The rate of subject's sophistication level estimated by our model with three different computer agent's strategy; each bar shows the rate of number of trials with an agent of the fifth-, third-, and first-order sophistication (in dark, medium, and light gray color). The left and right panels show the result of all games and only last games in each condition, respectively.

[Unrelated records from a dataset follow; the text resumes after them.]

(* Let $\mu\in[0,1/2]$, $d=\sqrt{1-3\mu+3\mu^2}$, $\lambda_1=\tfrac32(1-d)$, $\lambda_2=\tfrac32(1+d)$, and consider the planar system $\ddot x-2\dot y=\Omega_x$, $\ddot y+2\dot x=\Omega_y$ with $\Omega(x,y)=\tfrac12(\lambda_2x^2+\lambda_1y^2)+\frac{1}{\sqrt{x^2+y^2}}$, and its equilibrium points $L_{1,2}=(\pm\lambda_2^{-1/3},0)$. Linearizing at $L_1$ or $L_2$, with matrix $A=\begin{pmatrix}0&0&1&0\\0&0&0&1\\ \Omega_{xx}&\Omega_{xy}&0&2\\ \Omega_{xy}&\Omega_{yy}&-2&0\end{pmatrix}$ (second derivatives evaluated at the point), whose characteristic polynomial is $\lambda^4+\mathcal A\lambda^2+B$ with $\mathcal A=4-\Omega_{xx}-\Omega_{yy}$ and $B=\Omega_{xx}\Omega_{yy}-\Omega_{xy}^2$, one has $B<0$ for all $\mu\in[0,1/2]$. Consequently $L_1$ and $L_2$ are unstable for this range of $\mu$; in fact the eigenvalues of $A$ are $\pm\Lambda$ and $\pm i\omega$ with $\Lambda>0$, $\omega>0$.
   Context: This is the planar Hill approximation of the restricted four-body problem (in rotated coordinates) near a small mass at a vertex of an equilateral triangle with masses $1-\mu$ and $\mu$. *)

theory Defs
  imports "HOL-Analysis.Derivative" "Jordan_Normal_Form.Char_Poly"
begin

definition dd :: "real \<Rightarrow> real" where
  "dd \<mu> = sqrt (1 - 3*\<mu> + 3*\<mu>^2)"

definition lam1 :: "real \<Rightarrow> real" where
  "lam1 \<mu> = 3/2 * (1 - dd \<mu>)"

definition lam2 :: "real \<Rightarrow> real" where
  "lam2 \<mu> = 3/2 * (1 + dd \<mu>)"

definition Omega :: "real \<Rightarrow> real \<Rightarrow> real \<Rightarrow> real" where
  "Omega \<mu> x y = 1/2 * (lam2 \<mu> * x^2 + lam1 \<mu> * y^2) + 1 / sqrt (x^2 + y^2)"

definition Omega_xx :: "real \<Rightarrow> real \<Rightarrow> real \<Rightarrow> real" where
  "Omega_xx \<mu> x0 y0 = deriv (\<lambda>x. deriv (\<lambda>x'. Omega \<mu> x' y0) x) x0"

definition Omega_yy :: "real \<Rightarrow> real \<Rightarrow> real \<Rightarrow> real" where
  "Omega_yy \<mu> x0 y0 = deriv (\<lambda>y. deriv (\<lambda>y'. Omega \<mu> x0 y') y) y0"

definition Omega_xy :: "real \<Rightarrow> real \<Rightarrow> real \<Rightarrow> real" where
  "Omega_xy \<mu> x0 y0 = deriv (\<lambda>y. deriv (\<lambda>x. Omega \<mu> x y) x0) y0"

definition L1 :: "real \<Rightarrow> real \<times> real" where
  "L1 \<mu> = (lam2 \<mu> powr (-1/3), 0)"

definition L2 :: "real \<Rightarrow> real \<times> real" where
  "L2 \<mu> = (- (lam2 \<mu> powr (-1/3)), 0)"

text \<open>Linearization matrix at point p (as a complex matrix, to speak of complex eigenvalues).\<close>
definition linA :: "real \<Rightarrow> real \<times> real \<Rightarrow> complex mat" where
  "linA \<mu> p = (let a = Omega_xx \<mu> (fst p) (snd p); b = Omega_xy \<mu> (fst p) (snd p);
                   c = Omega_yy \<mu> (fst p) (snd p) in
     mat_of_rows_list 4
       [[0, 0, 1, 0],
        [0, 0, 0, 1],
        [complex_of_real a, complex_of_real b, 0, 2],
        [complex_of_real b, complex_of_real c, -2, 0]])"

definition coefA :: "real \<Rightarrow> real \<times> real \<Rightarrow> real" where
  "coefA \<mu> p = 4 - Omega_xx \<mu> (fst p) (snd p) - Omega_yy \<mu> (fst p) (snd p)"

definition coefB :: "real \<Rightarrow> real \<times> real \<Rightarrow> real" where
  "coefB \<mu> p = Omega_xx \<mu> (fst p) (snd p) * Omega_yy \<mu> (fst p) (snd p) - (Omega_xy \<mu> (fst p) (snd p))^2"

end

theory Submission
  imports Defs
begin

text \<open>At both equilibria the Hessian of \<open>Omega\<close> is diagonal with entries \<open>3 \<lambda>\<^sub>2\<close> and
  \<open>\<lambda>\<^sub>1 - \<lambda>\<^sub>2\<close>, because \<open>\<bar>x\<bar>\<^sup>3 = 1/\<lambda>\<^sub>2\<close> there. Hence \<open>B = 3 \<lambda>\<^sub>2 (\<lambda>\<^sub>1 - \<lambda>\<^sub>2) = -9 \<lambda>\<^sub>2 d < 0\<close>,
  as \<open>d \<ge> 1/2\<close>. The characteristic polynomial is biquadratic, and a negative constant term
  forces its two roots in \<open>\<lambda>\<^sup>2\<close> to have opposite signs: one positive (giving \<open>\<plusminus>\<Lambda>\<close>) and one
  negative (giving \<open>\<plusminus>i\<omega>\<close>).\<close>

lemma mat_delete_mat:
  "mat_delete (mat (Suc n) (Suc n) f) i j =
     mat n n (\<lambda>(a, b). f (if a < i then a else Suc a, if b < j then b else Suc b))"
  by (rule eq_matI) (auto simp: mat_delete_def)

lemma det_mat_0: "det (mat 0 0 f) = 1"
  by (simp add: det_def)

lemma det_mat_Suc_first_row:
  "det (mat (Suc n) (Suc n) f) =
     (\<Sum>j<Suc n. (-1)^j * f (0, j) * det (mat n n (\<lambda>(a, b). f (Suc a, if b < j then b else Suc b))))"
  by (subst laplace_expansion_row[of _ "Suc n" 0]) (auto simp: cofactor_def mat_delete_mat ac_simps)

lemma char_poly_linearization_matrix:
  fixes a b c :: "'a :: comm_ring_1"
  shows "char_poly (mat_of_rows_list 4 [[0, 0, 1, 0], [0, 0, 0, 1], [a, b, 0, 2], [b, c, -2, 0]])
     = [:a * c - b * b, 0, 4 - a - c, 0, 1:]"
proof -
  let ?A = "mat_of_rows_list 4 [[0, 0, 1, 0], [0, 0, 0, 1], [a, b, 0, 2], [b, c, -2, 0]]"
  have "char_poly_matrix ?A = mat 4 4 (\<lambda>(i, j). (if i = j then [:0, 1:] else 0) + [:- ?A $$ (i, j):])"
    by (rule eq_matI) (auto simp: char_poly_matrix_def mat_of_rows_list_def)
  then show ?thesis
    by (simp add: char_poly_def det_mat_Suc_first_row det_mat_0 eval_nat_numeral lessThan_Suc
        mat_of_rows_list_def)
qed

lemma biquadratic_roots_neg_const:
  fixes A B :: real
  assumes "B < 0"
  shows "\<exists>\<Lambda> \<omega>::real. \<Lambda> > 0 \<and> \<omega> > 0 \<and>
    {k. poly [:complex_of_real B, 0, complex_of_real A, 0, 1:] k = 0} =
    {complex_of_real \<Lambda>, - complex_of_real \<Lambda>, \<i> * complex_of_real \<omega>, - (\<i> * complex_of_real \<omega>)}"
proof -
  define D where "D = sqrt (A^2 - 4 * B)"
  have "0 \<le> A^2 - 4 * B"
    using assms zero_le_power2[of A] by linarith
  then have D2: "D^2 = A^2 - 4 * B"
    unfolding D_def by simp
  have "sqrt (A^2) < D"
    using assms unfolding D_def by (subst real_sqrt_less_iff) simp
  then have "\<bar>A\<bar> < D" by simp
  define t1 where "t1 = (-A + D) / 2"
  define t2 where "t2 = (-A - D) / 2"
  have "t1 > 0" "t2 < 0"
    using \<open>\<bar>A\<bar> < D\<close> by (auto simp: t1_def t2_def)
  define \<Lambda> \<omega> where "\<Lambda> = sqrt t1" and "\<omega> = sqrt (- t2)"
  have \<Lambda>: "\<Lambda> > 0" "\<Lambda>^2 = t1" and \<omega>: "\<omega> > 0" "\<omega>^2 = - t2"
    using \<open>t1 > 0\<close> \<open>t2 < 0\<close> by (auto simp: \<Lambda>_def \<omega>_def)
  have "t1 + t2 = -A" "t1 * t2 = B"
    using D2 by (simp_all add: t1_def t2_def field_simps power2_eq_square)
  then have AB: "A = \<omega>^2 - \<Lambda>^2" "B = - (\<Lambda>^2 * \<omega>^2)"
    using \<Lambda> \<omega> by simp_all
  have factor: "poly [:complex_of_real B, 0, complex_of_real A, 0, 1:] k =
      (k^2 - (complex_of_real \<Lambda>)^2) * (k^2 - (\<i> * complex_of_real \<omega>)^2)" for k
    unfolding AB by (simp add: algebra_simps power2_eq_square)
  have "{k. poly [:complex_of_real B, 0, complex_of_real A, 0, 1:] k = 0} =
    {complex_of_real \<Lambda>, - complex_of_real \<Lambda>, \<i> * complex_of_real \<omega>, - (\<i> * complex_of_real \<omega>)}"
    unfolding factor by (simp only: mult_eq_0_iff right_minus_eq power2_eq_iff) auto
  with \<Lambda> \<omega> show ?thesis by blast
qed

lemma Omega_has_real_derivative_x:
  assumes "(x, y) \<noteq> (0, 0)"
  shows "((\<lambda>x'. Omega \<mu> x' y) has_real_derivative lam2 \<mu> * x - x / sqrt (x^2 + y^2)^3) (at x)"
proof -
  have pos: "x^2 + y^2 > 0" using assms by (simp add: sum_power2_gt_zero_iff)
  show ?thesis
    unfolding Omega_def
    by (rule derivative_eq_intros refl | use pos in force)+
       (use pos in \<open>simp add: power3_eq_cube field_simps\<close>)
qed

lemma Omega_has_real_derivative_y:
  assumes "(x, y) \<noteq> (0, 0)"
  shows "((\<lambda>y'. Omega \<mu> x y') has_real_derivative lam1 \<mu> * y - y / sqrt (x^2 + y^2)^3) (at y)"
proof -
  have pos: "x^2 + y^2 > 0" using assms by (simp add: sum_power2_gt_zero_iff)
  show ?thesis
    unfolding Omega_def
    by (rule derivative_eq_intros refl | use pos in force)+
       (use pos in \<open>simp add: power3_eq_cube field_simps\<close>)
qed

lemma Omega_xx_on_x_axis:
  assumes "x0 \<noteq> 0"
  shows "Omega_xx \<mu> x0 0 = lam2 \<mu> + 2 / \<bar>x0\<bar>^3"
proof -
  have "\<forall>\<^sub>F x in nhds x0. x \<noteq> 0"
    using assms by (intro eventually_nhds_in_open[of "-{0}", simplified]) auto
  then have first: "\<forall>\<^sub>F x in nhds x0. deriv (\<lambda>x'. Omega \<mu> x' 0) x = lam2 \<mu> * x - x / sqrt (x^2)^3"
    by eventually_elim (use Omega_has_real_derivative_x[THEN DERIV_imp_deriv] in simp)
  have "((\<lambda>x. lam2 \<mu> * x - x / sqrt (x^2)^3) has_real_derivative lam2 \<mu> + 2 / \<bar>x0\<bar>^3) (at x0)"
    by (rule derivative_eq_intros refl | use assms in force)+
       (use assms in \<open>cases "x0 > 0"; simp add: field_simps eval_nat_numeral\<close>)
  then show ?thesis
    unfolding Omega_xx_def by (simp add: deriv_cong_ev[OF first refl] DERIV_imp_deriv)
qed

lemma Omega_xy_on_x_axis:
  assumes "x0 \<noteq> 0"
  shows "Omega_xy \<mu> x0 0 = 0"
proof -
  have first: "(\<lambda>y. deriv (\<lambda>x. Omega \<mu> x y) x0) = (\<lambda>y. lam2 \<mu> * x0 - x0 / sqrt (x0^2 + y^2)^3)"
    using assms by (intro ext DERIV_imp_deriv Omega_has_real_derivative_x) simp
  have "((\<lambda>y. lam2 \<mu> * x0 - x0 / sqrt (x0^2 + y^2)^3) has_real_derivative 0) (at 0)"
    by (rule derivative_eq_intros refl | use assms in force)+
  then show ?thesis
    unfolding Omega_xy_def first by (rule DERIV_imp_deriv)
qed

lemma Omega_yy_on_x_axis:
  assumes "x0 \<noteq> 0"
  shows "Omega_yy \<mu> x0 0 = lam1 \<mu> - 1 / \<bar>x0\<bar>^3"
proof -
  have first: "(\<lambda>y. deriv (\<lambda>y'. Omega \<mu> x0 y') y) = (\<lambda>y. lam1 \<mu> * y - y / sqrt (x0^2 + y^2)^3)"
    using assms by (intro ext DERIV_imp_deriv Omega_has_real_derivative_y) simp
  have "((\<lambda>y. lam1 \<mu> * y - y / sqrt (x0^2 + y^2)^3) has_real_derivative lam1 \<mu> - 1 / \<bar>x0\<bar>^3) (at 0)"
    by (rule derivative_eq_intros refl | use assms in force)+ (use assms in \<open>simp add: field_simps\<close>)
  then show ?thesis
    unfolding Omega_yy_def first by (rule DERIV_imp_deriv)
qed

lemma dd_ge_half: "dd \<mu> \<ge> 1/2"
proof -
  have "sqrt (1/4) \<le> dd \<mu>"
    unfolding dd_def
  proof (rule real_sqrt_le_mono)
    have "1 - 3 * \<mu> + 3 * \<mu>^2 = 3 * (\<mu> - 1/2)^2 + 1/4"
      by (simp add: power2_eq_square algebra_simps)
    then show "1/4 \<le> 1 - 3 * \<mu> + 3 * \<mu>^2" by simp
  qed
  then show ?thesis by (simp add: real_sqrt_divide)
qed

lemma lam2_pos: "lam2 \<mu> > 0"
  using dd_ge_half[of \<mu>] by (simp add: lam2_def)

lemma L1_L2_on_x_axis:
  assumes "p = L1 \<mu> \<or> p = L2 \<mu>"
  shows "snd p = 0" and "\<bar>fst p\<bar>^3 = 1 / lam2 \<mu>"
  using assms lam2_pos[of \<mu>]
  by (auto simp: L1_def L2_def power_abs powr_power powr_neg_one)

lemma Hessian_at_L1_L2:
  assumes "p = L1 \<mu> \<or> p = L2 \<mu>"
  shows "Omega_xx \<mu> (fst p) (snd p) = 3 * lam2 \<mu>"
    and "Omega_xy \<mu> (fst p) (snd p) = 0"
    and "Omega_yy \<mu> (fst p) (snd p) = lam1 \<mu> - lam2 \<mu>"
proof -
  note on_axis = L1_L2_on_x_axis[OF assms]
  then have "fst p \<noteq> 0" using lam2_pos[of \<mu>] by auto
  with on_axis show "Omega_xx \<mu> (fst p) (snd p) = 3 * lam2 \<mu>"
    and "Omega_xy \<mu> (fst p) (snd p) = 0"
    and "Omega_yy \<mu> (fst p) (snd p) = lam1 \<mu> - lam2 \<mu>"
    by (simp_all add: Omega_xx_on_x_axis Omega_xy_on_x_axis Omega_yy_on_x_axis)
qed

theorem proposition1:
  fixes \<mu> :: real and p :: "real \<times> real"
  assumes "0 \<le> \<mu>" and "\<mu> \<le> 1/2"
    and "p = L1 \<mu> \<or> p = L2 \<mu>"
  shows "char_poly (linA \<mu> p) = [:complex_of_real (coefB \<mu> p), 0, complex_of_real (coefA \<mu> p), 0, 1:]
    \<and> coefB \<mu> p < 0
    \<and> (\<exists>\<Lambda> \<omega>::real. \<Lambda> > 0 \<and> \<omega> > 0 \<and>
         {k. eigenvalue (linA \<mu> p) k} =
           {complex_of_real \<Lambda>, - complex_of_real \<Lambda>, \<i> * complex_of_real \<omega>, - (\<i> * complex_of_real \<omega>)})"
proof -
  have char_poly: "char_poly (linA \<mu> p) =
      [:complex_of_real (coefB \<mu> p), 0, complex_of_real (coefA \<mu> p), 0, 1:]"
    unfolding linA_def coefA_def coefB_def Let_def char_poly_linearization_matrix
    by (simp add: power2_eq_square)
  have B: "coefB \<mu> p < 0"
    using Hessian_at_L1_L2[OF assms(3)] lam2_pos[of \<mu>] dd_ge_half[of \<mu>]
    by (simp add: coefB_def lam1_def lam2_def mult_pos_neg)
  have "linA \<mu> p \<in> carrier_mat 4 4"
    unfolding linA_def Let_def mat_of_rows_list_def by (intro carrier_matI) simp_all
  then have "{k. eigenvalue (linA \<mu> p) k} =
      {k. poly [:complex_of_real (coefB \<mu> p), 0, complex_of_real (coefA \<mu> p), 0, 1:] k = 0}"
    by (simp add: eigenvalue_root_char_poly char_poly)
  moreover obtain \<Lambda> \<omega> :: real where "\<Lambda> > 0" "\<omega> > 0"
    "{k. poly [:complex_of_real (coefB \<mu> p), 0, complex_of_real (coefA \<mu> p), 0, 1:] k = 0} =
       {complex_of_real \<Lambda>, - complex_of_real \<Lambda>, \<i> * complex_of_real \<omega>, - (\<i> * complex_of_real \<omega>)}"
    using biquadratic_roots_neg_const[OF B] by blast
  ultimately show ?thesis
    using char_poly B by blast
qed

end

Reward signal and ventral striatum

We then analyzed BOLD fMRI signals from subjects while they performed the task. At the time of the outcome of each game (when subjects obtain a reward in the form of prey) we observed significant activity in bilateral ventral striatum that correlated with the payoff amount in each game (Fig. 4A), consistent with this region's established role in encoding the magnitude of both primary and secondary (monetary) rewards in humans (O'Doherty et al., 2004; Knutson and Cooper, 2005). In the context of the current experiment, these effects for abstract rewards provide face validity to an assumption that our task was motivating and the ensuing outcomes were rewarding. During decision making involving social interaction, a similar area is implicated in reward-related outcomes not only for material goods, such as money (Sanfey et al., 2003; King-Casas et al., 2005), but also nonmaterial goods including the experience of mutual cooperation (Rilling et al., 2002) and the acquisition of a good reputation (Izuma et al., 2008). In our task, the total payoff points are converted directly into monetary reward. To address whether there might be specific striatal activity associated with cooperation over and above that associated with the expected monetary value, we modeled expected monetary value and the subject's sophistication level at the stag's move event of each trial in the same analysis. This analysis revealed a focus of activity in the ventral striatum (Fig. 4B), consistent with “added value” associated with cooperation per se (as indexed by sophistication level, which is strongly correlated with cooperativity).

Figure 4.

Figure 4.

Ventral striatal activity correlated with nonsocial and social reward. A, Bilateral ventral striatum [right (R), x, y, z = 16, 22, −8 mm, Z = 4.67; left (L), −10, 20, 0 mm, Z = 3.89] showed significant activity correlated with payoff at the end of each game. Both of these areas survived correction for small volume within an 8 mm sphere centered on coordinates from areas implicated in previous studies of reward (R, p < 0.01; L, p < 0.05). B, At the stag's move event time point, activity in caudal ventral striatum (8, 8, 0 mm, Z = 3.55; −10, 8, 0 mm, Z = 3.84) showed a significant correlation with sophistication level, which is itself associated with the expected social reward of cooperation.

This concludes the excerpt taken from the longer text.